Cell Phone Records and the Fourth Amendment

On February 12, 2010, the Third Circuit Court of Appeals heard oral argument on what is, surprisingly, an issue of first impression:  can the federal government subpoena a person’s cell phone records from its mobile phone provider without a showing of probable cause that the person has been engaged in illegal activity? 

 The Justice Department, not surprisingly, asserts that no showing of probable cause is necessary.  Its position is that an individual customer has no right of privacy in ordinary, normally kept business records of the phone companies.  Thus, federal agencies like the FBI and the Bureau of Alcohol, Tobacco and Firearms would not, in the DOJ’s view need to make a showing of probable cause and obtain a search warrant. 

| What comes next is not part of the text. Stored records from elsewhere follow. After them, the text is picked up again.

lemma dirderiv_commute:
  fixes f :: "'a::real_normed_vector \<Rightarrow> 'b::real_inner"
  assumes f: "\<And>y. f differentiable (at y)"
    and fu: "\<And>y. dirderiv f u differentiable (at y)"
    and fw: "\<And>y. dirderiv f w differentiable (at y)"
    and fuw: "\<And>y. dirderiv (dirderiv f u) w differentiable (at y)"
    and fwu: "\<And>y. dirderiv (dirderiv f w) u differentiable (at y)"
  shows "dirderiv (dirderiv f u) w x = dirderiv (dirderiv f w) u x"
proof (rule vector_eq_rdot[THEN iffD1], intro allI)
  fix e
  have inner_e: "(\<lambda>y. h y \<bullet> e) differentiable (at y)"
    if "h differentiable (at y)" for h :: "'a \<Rightarrow> 'b" and y
    using that has_derivative_inner_left unfolding differentiable_def by blast
  have "dirderiv (dirderiv (\<lambda>y. f y \<bullet> e) u) w x = dirderiv (dirderiv (\<lambda>y. f y \<bullet> e) w) u x"
    by (rule dirderiv_commute_real)
       (use f fu fw fuw fwu inner_e in \<open>simp_all add: dirderiv_inner_left\<close>)
  then show "dirderiv (dirderiv f u) w x \<bullet> e = dirderiv (dirderiv f w) u x \<bullet> e"
    using f fu fw by (simp add: dirderiv_inner_left)
qed

lemma smooth_iter_dirderiv_swap:
  fixes X :: "'a::real_normed_vector \<Rightarrow> 'b::real_inner"
  assumes "smooth X"
  shows "iter_dirderiv X (u # w # vs) = iter_dirderiv X (w # u # vs)"
proof
  fix x
  have D: "\<And>vs y. iter_dirderiv X vs differentiable (at y)"
    using assms by (simp add: smooth_def)
  show "iter_dirderiv X (u # w # vs) x = iter_dirderiv X (w # u # vs) x"
    unfolding iter_dirderiv_Cons
    by (rule dirderiv_commute)
       (use D D[of "_ # _", unfolded iter_dirderiv_Cons]
          D[of "_ # _ # _", unfolded iter_dirderiv_Cons] in auto)
qed

section \<open>Polynomial jet expressions\<close>

declare iter_dirderiv.simps(2) [simp del]
lemma not_distance_regular_torus_small:
  assumes "(n, m) = (2, 3) \<or> (n, m) = (3, 4)"
  shows "\<not> distance_regular (torus_verts n m) (torus_adj n m)"
proof
  assume dr: "distance_regular (torus_verts n m) (torus_adj n m)"
  have n: "2 \<le> n" and m: "2 \<le> m" using assms by auto
  have V: "(0, 0) \<in> torus_verts n m" "(1, 0) \<in> torus_verts n m" "(0, 1) \<in> torus_verts n m"
    using n m by (simp_all add: mem_torus_verts)
  have "torus_dist n m (0, 0) (1, 0) = 1" "torus_dist n m (0, 0) (0, 1) = 1"
    using n m by (simp_all add: torus_dist_def cycle_dist_def)
  then have counts: "card {w \<in> torus_verts n m. torus_adj n m (1, 0) w \<and> torus_dist n m (0, 0) w = 1}
      = card {w \<in> torus_verts n m. torus_adj n m (0, 1) w \<and> torus_dist n m (0, 0) w = 1}"
    using distance_regular_torus_counts(2)[OF dr n m V] by simp
  from assms show False
  proof (elim disjE)
    assume "(n, m) = (2, 3)"
    then have "n = 2" "m = 3" by simp_all
    let ?S = "{w \<in> torus_verts 2 3. torus_adj 2 3 (0, 1) w \<and> torus_dist 2 3 (0, 0) w = 1}"
    have "?S \<noteq> {}" using torus_2_3_neighbours_at_distance_1(2) by (metis empty_iff)
    then have "0 < card ?S" by (simp add: card_gt_0_iff)
    moreover have "card ?S = card ({} :: (nat \<times> nat) set)"
      using counts[unfolded \<open>n = 2\<close> \<open>m = 3\<close> torus_2_3_neighbours_at_distance_1(1)] by (rule sym)
    ultimately show False by (simp only: card.empty)
  next
    assume "(n, m) = (3, 4)"
    then have "n = 3" "m = 4" by simp_all
    let ?S = "{w \<in> torus_verts 3 4. torus_adj 3 4 (1, 0) w \<and> torus_dist 3 4 (0, 0) w = 1}"
    have "?S \<noteq> {}" using torus_3_4_neighbours_at_distance_1(1) by (metis empty_iff)
    then have "0 < card ?S" by (simp add: card_gt_0_iff)
    moreover have "card ?S = card ({} :: (nat \<times> nat) set)"
      using counts[unfolded \<open>n = 3\<close> \<open>m = 4\<close> torus_3_4_neighbours_at_distance_1(2)] .
    ultimately show False by (simp only: card.empty)
  qed
qed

 Opponents of that position argue, among other things, that an individual’s right of privacy can too easily be infringed by the federal government if no showing of probable cause is required.  For example (and note that it is impossible to tell a judge’s true position from questioning during arguments), one of the presiding judges at the hearing questioned whether it would not be possible for a government to monitor whether a person had not been at a “protest, or at a meeting or at a political meeting.”

The Third Circuit’s decision will be interesting and it seems a likely bet that it will not be the last word; this is the sort of issue where the losing side would seem likely to appeal or at least try to appeal the case to the Supreme Court.